Али Киа тут же ее подхватил:
– Разумеется, ты не помыслишь о том, чтобы одолжить его моему министерству финансов и банковской деятельности? Вне всякого сомнения, его услуги слишком ценны для тебя и твоих коллег. Конечно, как может быть иначе!
– Да-да, это так. Но на первом месте должна стоять наша любимая страна, а не личные интересы… Конечно, если правительство захочет воспользоваться его уникальными талантами.

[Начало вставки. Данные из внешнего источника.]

lemma adjoint_AE_lin_comb:
  assumes adj: "is_adjoint M TS dotnu star" and TS: "TS \<subseteq> L2 M"
  shows "AE z in M. star (a *\<^sub>R h + b *\<^sub>R k) z = a * star h z + b * star k z"
proof -
  have in_TS: "\<And>h. star h \<in> TS" and L2: "\<And>h. star h \<in> L2 M"
    and adjoint: "\<And>h s. s \<in> TS \<Longrightarrow> inner (dotnu s) h = (\<integral>z. s z * star h z \<partial>M)"
    using adj TS unfolding is_adjoint_def by auto
  define u where "u = star (a *\<^sub>R h + b *\<^sub>R k)"
  define w where "w = (\<lambda>z. a * star h z + b * star k z)"
  define d where "d = (\<lambda>z. 1 * u z + (-1) * w z)"
  have w_L2: "w \<in> L2 M" unfolding w_def by (intro L2_lin_comb L2)
  have d_L2: "d \<in> L2 M" unfolding d_def u_def by (intro L2_lin_comb L2 w_L2)
  \<comment> \<open>\<open>d\<close> is orthogonal in \<open>L2\<close> to the tangent space, yet a combination of its elements.\<close>
  have d_perp: "(\<integral>z. s z * d z \<partial>M) = 0" if "s \<in> TS" for s
  proof -
    have "s \<in> L2 M" using that TS by blast
    then have "(\<integral>z. s z * d z \<partial>M) = (\<integral>z. s z * u z \<partial>M) - (\<integral>z. s z * w z \<partial>M)"
      unfolding d_def
      using integral_mult_lin_comb_L2[OF L2 w_L2 \<open>s \<in> L2 M\<close>, where a=1 and b="-1"] by (simp add: u_def)
    also have "\<dots> = inner (dotnu s) (a *\<^sub>R h + b *\<^sub>R k) - (a * inner (dotnu s) h + b * inner (dotnu s) k)"
      using \<open>s \<in> L2 M\<close> unfolding w_def u_def
      by (simp add: integral_mult_lin_comb_L2 L2 adjoint[OF that])
    finally show ?thesis by (simp add: inner_add_right)
  qed
  have "(\<integral>z. (d z)\<^sup>2 \<partial>M) = (\<integral>z. d z * (1 * u z + (-1) * w z) \<partial>M)"
    by (simp add: power2_eq_square d_def)
  also have "\<dots> = (\<integral>z. d z * u z \<partial>M) - (\<integral>z. d z * w z \<partial>M)"
    using integral_mult_lin_comb_L2[OF L2 w_L2 d_L2, where a=1 and b="-1"] by (simp add: u_def)
  also have "(\<integral>z. d z * w z \<partial>M) = a * (\<integral>z. d z * star h z \<partial>M) + b * (\<integral>z. d z * star k z \<partial>M)"
    unfolding w_def by (rule integral_mult_lin_comb_L2[OF L2 L2 d_L2])
  also have "(\<integral>z. d z * u z \<partial>M) - (a * (\<integral>z. d z * star h z \<partial>M) + b * (\<integral>z. d z * star k z \<partial>M)) = 0"
    using d_perp[OF in_TS] by (simp add: u_def mult.commute)
  finally have "(\<integral>z. (d z)\<^sup>2 \<partial>M) = 0" .
  then have "AE z in M. d z = 0" by (rule AE_eq_0_if_integral_square_eq_0[OF d_L2])
  then show ?thesis by eventually_elim (simp add: d_def u_def w_def)
qed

– Я упомяну об этом Мехди завтра же утром. Да, на моей ежедневной утренней встрече с моим старым другом и коллегой, – пообещал Али Киа, отвлекшись на одно мгновение и гадая, когда ему дадут его давно уже просроченную аудиенцию у премьер-министра, первую с тех пор, как он был назначен заместителем министра финансов. – Могу я также сказать ему, что ты согласен предоставить ссуду?
– Я немедленно проконсультируюсь с коллегами. Решение, разумеется, будут принимать они, а не я, – добавил Бакраван с напускной грустью, которая никого не обманула. – Но я поддержу твою просьбу, мой старый друг.
– Благодарю тебя, – улыбнулся Али Киа. – Мы, в правительстве, и аятолла высоко оценим помощь базаари.
– Мы всегда готовы помочь. Как ты знаешь, мы всегда помогали, – мягко произнес седобородый базаари, памятуя об огромной финансовой поддержке, предоставлявшейся базаром на протяжении последних лет муллам и Хомейни или любой достойной политической фигуре вроде Али Киа, который противостоял обоим шахам.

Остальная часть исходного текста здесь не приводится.